Entries shown —

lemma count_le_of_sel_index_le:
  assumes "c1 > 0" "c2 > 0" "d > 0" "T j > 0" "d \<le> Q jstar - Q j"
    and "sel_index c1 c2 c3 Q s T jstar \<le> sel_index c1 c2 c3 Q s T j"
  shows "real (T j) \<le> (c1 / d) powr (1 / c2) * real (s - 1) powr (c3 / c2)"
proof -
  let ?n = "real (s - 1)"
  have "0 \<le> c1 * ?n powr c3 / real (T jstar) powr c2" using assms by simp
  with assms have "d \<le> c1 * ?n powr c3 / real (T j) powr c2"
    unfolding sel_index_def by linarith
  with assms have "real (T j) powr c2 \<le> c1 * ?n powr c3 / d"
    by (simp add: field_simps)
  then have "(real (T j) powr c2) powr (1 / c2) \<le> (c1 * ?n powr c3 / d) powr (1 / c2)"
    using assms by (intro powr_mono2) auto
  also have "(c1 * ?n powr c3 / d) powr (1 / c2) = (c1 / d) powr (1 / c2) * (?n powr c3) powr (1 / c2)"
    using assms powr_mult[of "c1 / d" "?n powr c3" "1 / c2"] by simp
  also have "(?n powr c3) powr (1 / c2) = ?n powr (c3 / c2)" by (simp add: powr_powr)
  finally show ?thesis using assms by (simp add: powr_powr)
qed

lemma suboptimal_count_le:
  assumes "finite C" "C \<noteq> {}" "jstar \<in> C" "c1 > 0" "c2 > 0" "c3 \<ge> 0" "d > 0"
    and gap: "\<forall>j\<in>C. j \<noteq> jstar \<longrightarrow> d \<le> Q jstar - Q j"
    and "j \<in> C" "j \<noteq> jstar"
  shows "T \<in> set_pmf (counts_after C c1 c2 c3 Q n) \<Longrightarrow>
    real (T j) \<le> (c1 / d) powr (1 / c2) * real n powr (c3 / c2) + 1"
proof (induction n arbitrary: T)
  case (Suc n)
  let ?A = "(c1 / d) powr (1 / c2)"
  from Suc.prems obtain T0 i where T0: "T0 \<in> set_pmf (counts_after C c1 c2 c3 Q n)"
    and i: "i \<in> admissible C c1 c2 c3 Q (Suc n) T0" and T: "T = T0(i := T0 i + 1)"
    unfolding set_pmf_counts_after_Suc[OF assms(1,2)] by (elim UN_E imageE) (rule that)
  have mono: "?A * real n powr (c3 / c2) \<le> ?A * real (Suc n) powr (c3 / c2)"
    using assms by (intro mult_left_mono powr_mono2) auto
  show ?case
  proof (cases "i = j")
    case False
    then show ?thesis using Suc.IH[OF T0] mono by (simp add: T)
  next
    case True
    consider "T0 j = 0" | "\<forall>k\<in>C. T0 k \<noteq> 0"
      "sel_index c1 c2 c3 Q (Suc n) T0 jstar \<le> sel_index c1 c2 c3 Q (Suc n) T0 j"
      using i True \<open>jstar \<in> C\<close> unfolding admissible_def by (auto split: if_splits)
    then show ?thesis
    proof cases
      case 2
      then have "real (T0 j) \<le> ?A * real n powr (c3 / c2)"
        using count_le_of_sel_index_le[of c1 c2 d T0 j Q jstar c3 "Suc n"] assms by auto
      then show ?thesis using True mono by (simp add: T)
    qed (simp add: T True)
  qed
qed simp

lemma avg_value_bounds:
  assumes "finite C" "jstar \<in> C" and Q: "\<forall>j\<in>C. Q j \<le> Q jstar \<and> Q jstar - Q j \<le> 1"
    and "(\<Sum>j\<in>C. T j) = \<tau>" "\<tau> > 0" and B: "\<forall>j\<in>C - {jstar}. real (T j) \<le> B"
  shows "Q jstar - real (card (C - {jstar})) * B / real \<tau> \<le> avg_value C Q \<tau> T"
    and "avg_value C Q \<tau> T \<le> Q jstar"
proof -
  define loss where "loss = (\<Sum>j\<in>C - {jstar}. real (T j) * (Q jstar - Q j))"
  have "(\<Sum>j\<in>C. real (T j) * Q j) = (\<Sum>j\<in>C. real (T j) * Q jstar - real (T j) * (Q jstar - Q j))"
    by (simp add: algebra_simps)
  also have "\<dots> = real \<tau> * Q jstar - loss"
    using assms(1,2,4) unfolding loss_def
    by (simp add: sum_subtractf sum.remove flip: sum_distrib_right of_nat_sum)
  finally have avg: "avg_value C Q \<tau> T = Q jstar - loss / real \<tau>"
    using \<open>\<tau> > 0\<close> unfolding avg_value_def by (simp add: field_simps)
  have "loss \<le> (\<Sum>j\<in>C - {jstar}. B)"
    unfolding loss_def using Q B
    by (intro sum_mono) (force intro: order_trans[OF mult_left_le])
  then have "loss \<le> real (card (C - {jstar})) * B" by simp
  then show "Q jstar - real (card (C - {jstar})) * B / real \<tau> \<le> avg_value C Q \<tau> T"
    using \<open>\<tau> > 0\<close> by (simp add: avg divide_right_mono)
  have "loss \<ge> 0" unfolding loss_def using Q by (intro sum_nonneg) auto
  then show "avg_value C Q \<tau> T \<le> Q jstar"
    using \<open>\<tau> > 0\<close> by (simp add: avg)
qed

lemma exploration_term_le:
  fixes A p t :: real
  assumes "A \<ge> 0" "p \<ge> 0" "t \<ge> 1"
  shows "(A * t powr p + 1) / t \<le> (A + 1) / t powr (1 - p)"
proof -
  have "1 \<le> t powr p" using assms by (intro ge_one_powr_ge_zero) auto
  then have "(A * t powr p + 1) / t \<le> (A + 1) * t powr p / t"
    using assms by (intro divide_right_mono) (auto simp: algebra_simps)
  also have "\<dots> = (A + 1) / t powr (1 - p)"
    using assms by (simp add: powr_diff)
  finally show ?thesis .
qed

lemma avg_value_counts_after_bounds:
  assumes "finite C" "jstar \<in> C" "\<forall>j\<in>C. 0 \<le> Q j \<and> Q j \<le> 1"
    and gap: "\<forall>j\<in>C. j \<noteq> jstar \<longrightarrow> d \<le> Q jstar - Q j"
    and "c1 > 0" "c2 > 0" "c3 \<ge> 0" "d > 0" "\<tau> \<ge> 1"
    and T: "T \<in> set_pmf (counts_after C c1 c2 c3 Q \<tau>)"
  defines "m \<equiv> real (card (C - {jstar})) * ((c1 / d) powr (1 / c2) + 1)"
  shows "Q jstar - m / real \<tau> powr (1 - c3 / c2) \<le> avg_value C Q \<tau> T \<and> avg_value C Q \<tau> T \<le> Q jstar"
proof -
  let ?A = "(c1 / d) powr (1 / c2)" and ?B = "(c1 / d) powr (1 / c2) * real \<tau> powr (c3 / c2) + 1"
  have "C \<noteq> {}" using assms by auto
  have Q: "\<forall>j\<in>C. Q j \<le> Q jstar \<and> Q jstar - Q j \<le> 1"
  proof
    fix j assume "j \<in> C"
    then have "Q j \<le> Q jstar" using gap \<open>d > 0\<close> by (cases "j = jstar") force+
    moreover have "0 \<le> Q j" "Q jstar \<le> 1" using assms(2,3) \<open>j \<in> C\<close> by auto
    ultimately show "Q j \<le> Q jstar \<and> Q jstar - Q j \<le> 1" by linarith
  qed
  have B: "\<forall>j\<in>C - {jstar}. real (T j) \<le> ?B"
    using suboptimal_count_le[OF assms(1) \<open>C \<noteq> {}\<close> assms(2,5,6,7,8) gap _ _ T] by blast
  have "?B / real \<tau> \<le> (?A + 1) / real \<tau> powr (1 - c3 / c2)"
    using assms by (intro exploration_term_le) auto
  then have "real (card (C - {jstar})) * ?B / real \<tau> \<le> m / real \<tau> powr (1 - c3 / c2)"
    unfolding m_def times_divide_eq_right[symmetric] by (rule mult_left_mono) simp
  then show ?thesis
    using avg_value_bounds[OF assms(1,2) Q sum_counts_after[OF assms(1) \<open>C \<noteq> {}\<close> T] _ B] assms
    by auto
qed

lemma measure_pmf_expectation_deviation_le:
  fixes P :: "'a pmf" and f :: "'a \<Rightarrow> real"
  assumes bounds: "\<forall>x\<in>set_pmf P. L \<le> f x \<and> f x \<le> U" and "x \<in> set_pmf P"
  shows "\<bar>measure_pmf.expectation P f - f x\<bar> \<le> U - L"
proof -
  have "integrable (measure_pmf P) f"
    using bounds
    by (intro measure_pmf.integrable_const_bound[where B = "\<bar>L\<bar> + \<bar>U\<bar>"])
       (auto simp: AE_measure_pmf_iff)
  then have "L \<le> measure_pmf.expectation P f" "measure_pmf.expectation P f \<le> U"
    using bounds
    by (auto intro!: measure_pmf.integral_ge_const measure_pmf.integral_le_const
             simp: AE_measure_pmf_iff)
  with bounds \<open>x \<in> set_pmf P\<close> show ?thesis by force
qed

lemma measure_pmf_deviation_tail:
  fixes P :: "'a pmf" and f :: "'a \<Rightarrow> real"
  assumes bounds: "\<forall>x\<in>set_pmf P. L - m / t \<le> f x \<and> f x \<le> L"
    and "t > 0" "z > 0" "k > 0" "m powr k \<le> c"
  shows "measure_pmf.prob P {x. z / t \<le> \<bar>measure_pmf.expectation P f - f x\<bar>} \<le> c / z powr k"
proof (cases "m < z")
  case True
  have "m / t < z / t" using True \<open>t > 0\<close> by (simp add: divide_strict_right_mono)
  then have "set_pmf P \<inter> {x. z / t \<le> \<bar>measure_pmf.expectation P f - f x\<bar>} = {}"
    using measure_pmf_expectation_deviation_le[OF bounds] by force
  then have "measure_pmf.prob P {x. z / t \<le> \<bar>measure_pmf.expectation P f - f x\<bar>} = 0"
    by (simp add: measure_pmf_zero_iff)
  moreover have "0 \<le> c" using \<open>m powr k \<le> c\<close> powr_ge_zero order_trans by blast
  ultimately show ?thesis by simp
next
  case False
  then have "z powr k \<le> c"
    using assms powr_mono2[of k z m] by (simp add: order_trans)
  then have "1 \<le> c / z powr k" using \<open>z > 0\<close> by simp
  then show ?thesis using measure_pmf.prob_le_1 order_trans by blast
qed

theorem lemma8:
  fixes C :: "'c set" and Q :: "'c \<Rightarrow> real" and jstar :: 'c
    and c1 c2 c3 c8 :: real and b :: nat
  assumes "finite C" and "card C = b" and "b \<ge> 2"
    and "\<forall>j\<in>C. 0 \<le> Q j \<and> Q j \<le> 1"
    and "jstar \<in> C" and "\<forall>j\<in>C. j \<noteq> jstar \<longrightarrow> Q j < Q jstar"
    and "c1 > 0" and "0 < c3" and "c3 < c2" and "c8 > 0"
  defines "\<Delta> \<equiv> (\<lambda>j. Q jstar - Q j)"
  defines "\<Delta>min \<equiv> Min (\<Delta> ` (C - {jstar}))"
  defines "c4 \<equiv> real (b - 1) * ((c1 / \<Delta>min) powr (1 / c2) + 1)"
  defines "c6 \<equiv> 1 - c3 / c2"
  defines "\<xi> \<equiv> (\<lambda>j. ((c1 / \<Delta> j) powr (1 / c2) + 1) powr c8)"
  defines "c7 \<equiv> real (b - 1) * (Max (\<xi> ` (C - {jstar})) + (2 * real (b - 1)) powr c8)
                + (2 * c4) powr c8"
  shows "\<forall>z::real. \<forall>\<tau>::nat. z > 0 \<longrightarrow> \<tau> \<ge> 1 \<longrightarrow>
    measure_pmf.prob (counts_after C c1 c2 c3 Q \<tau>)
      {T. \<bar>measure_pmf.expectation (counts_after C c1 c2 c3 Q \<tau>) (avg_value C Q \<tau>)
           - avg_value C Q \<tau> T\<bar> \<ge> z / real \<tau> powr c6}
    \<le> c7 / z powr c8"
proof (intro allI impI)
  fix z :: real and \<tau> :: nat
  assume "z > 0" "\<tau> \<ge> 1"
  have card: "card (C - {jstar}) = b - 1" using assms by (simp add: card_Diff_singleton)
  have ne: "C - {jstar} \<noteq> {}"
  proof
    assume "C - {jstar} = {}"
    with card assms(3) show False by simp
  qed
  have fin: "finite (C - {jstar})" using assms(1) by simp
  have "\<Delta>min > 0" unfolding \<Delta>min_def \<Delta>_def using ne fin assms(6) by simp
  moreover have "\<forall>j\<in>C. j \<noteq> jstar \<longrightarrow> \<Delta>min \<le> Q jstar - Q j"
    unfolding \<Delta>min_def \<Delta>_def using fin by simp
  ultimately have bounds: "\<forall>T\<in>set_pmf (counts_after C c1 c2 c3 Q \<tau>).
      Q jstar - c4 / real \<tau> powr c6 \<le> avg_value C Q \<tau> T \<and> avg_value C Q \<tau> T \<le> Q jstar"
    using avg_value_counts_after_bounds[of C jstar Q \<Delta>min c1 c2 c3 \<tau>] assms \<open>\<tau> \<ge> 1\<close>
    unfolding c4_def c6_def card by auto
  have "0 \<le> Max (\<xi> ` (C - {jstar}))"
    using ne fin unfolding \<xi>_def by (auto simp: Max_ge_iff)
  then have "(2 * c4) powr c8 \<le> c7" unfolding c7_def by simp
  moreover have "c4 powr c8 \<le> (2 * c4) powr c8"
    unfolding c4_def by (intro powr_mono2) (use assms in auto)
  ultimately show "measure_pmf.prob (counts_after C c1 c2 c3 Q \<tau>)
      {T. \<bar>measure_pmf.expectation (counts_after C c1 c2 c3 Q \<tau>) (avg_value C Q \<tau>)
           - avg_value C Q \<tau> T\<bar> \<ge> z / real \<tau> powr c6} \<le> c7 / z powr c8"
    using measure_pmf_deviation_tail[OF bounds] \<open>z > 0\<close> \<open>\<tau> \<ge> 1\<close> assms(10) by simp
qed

---

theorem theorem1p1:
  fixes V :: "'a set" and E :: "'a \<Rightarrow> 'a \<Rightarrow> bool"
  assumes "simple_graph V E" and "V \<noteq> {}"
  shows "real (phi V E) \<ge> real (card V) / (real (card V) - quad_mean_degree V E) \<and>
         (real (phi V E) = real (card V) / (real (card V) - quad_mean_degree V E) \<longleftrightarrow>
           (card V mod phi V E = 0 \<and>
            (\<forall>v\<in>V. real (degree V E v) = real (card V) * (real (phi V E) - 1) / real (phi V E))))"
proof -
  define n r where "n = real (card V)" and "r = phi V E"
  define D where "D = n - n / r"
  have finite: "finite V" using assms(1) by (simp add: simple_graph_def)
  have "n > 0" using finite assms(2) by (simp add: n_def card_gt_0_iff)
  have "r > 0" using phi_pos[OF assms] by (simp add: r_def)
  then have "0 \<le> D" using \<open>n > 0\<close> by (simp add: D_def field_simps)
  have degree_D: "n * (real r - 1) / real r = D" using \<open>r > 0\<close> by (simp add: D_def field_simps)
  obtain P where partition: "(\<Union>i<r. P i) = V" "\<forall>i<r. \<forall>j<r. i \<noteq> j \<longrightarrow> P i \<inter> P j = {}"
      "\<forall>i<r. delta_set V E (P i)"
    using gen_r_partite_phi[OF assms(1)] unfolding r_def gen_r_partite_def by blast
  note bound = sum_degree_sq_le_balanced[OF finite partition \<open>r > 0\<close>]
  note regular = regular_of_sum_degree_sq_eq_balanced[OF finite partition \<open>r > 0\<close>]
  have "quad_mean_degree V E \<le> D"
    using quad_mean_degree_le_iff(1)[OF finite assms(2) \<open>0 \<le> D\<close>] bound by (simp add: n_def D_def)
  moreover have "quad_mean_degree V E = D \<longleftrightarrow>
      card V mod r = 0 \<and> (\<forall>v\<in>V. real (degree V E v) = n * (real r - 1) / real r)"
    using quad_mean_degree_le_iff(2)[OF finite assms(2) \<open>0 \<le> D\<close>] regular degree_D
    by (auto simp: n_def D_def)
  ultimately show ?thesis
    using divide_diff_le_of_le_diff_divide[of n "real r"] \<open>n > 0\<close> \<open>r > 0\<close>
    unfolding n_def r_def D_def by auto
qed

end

Task item — Copy out only the lines above from the one with "ultimately show ?thesis by simp" to the one with "jstar :: 'c", inclusive, exactly as they stand.

Exercise response —
  ultimately show ?thesis by simp
next
  case False
  then have "z powr k \<le> c"
    using assms powr_mono2[of k z m] by (simp add: order_trans)
  then have "1 \<le> c / z powr k" using \<open>z > 0\<close> by simp
  then show ?thesis using measure_pmf.prob_le_1 order_trans by blast
qed

theorem lemma8:
  fixes C :: "'c set" and Q :: "'c \<Rightarrow> real" and jstar :: 'c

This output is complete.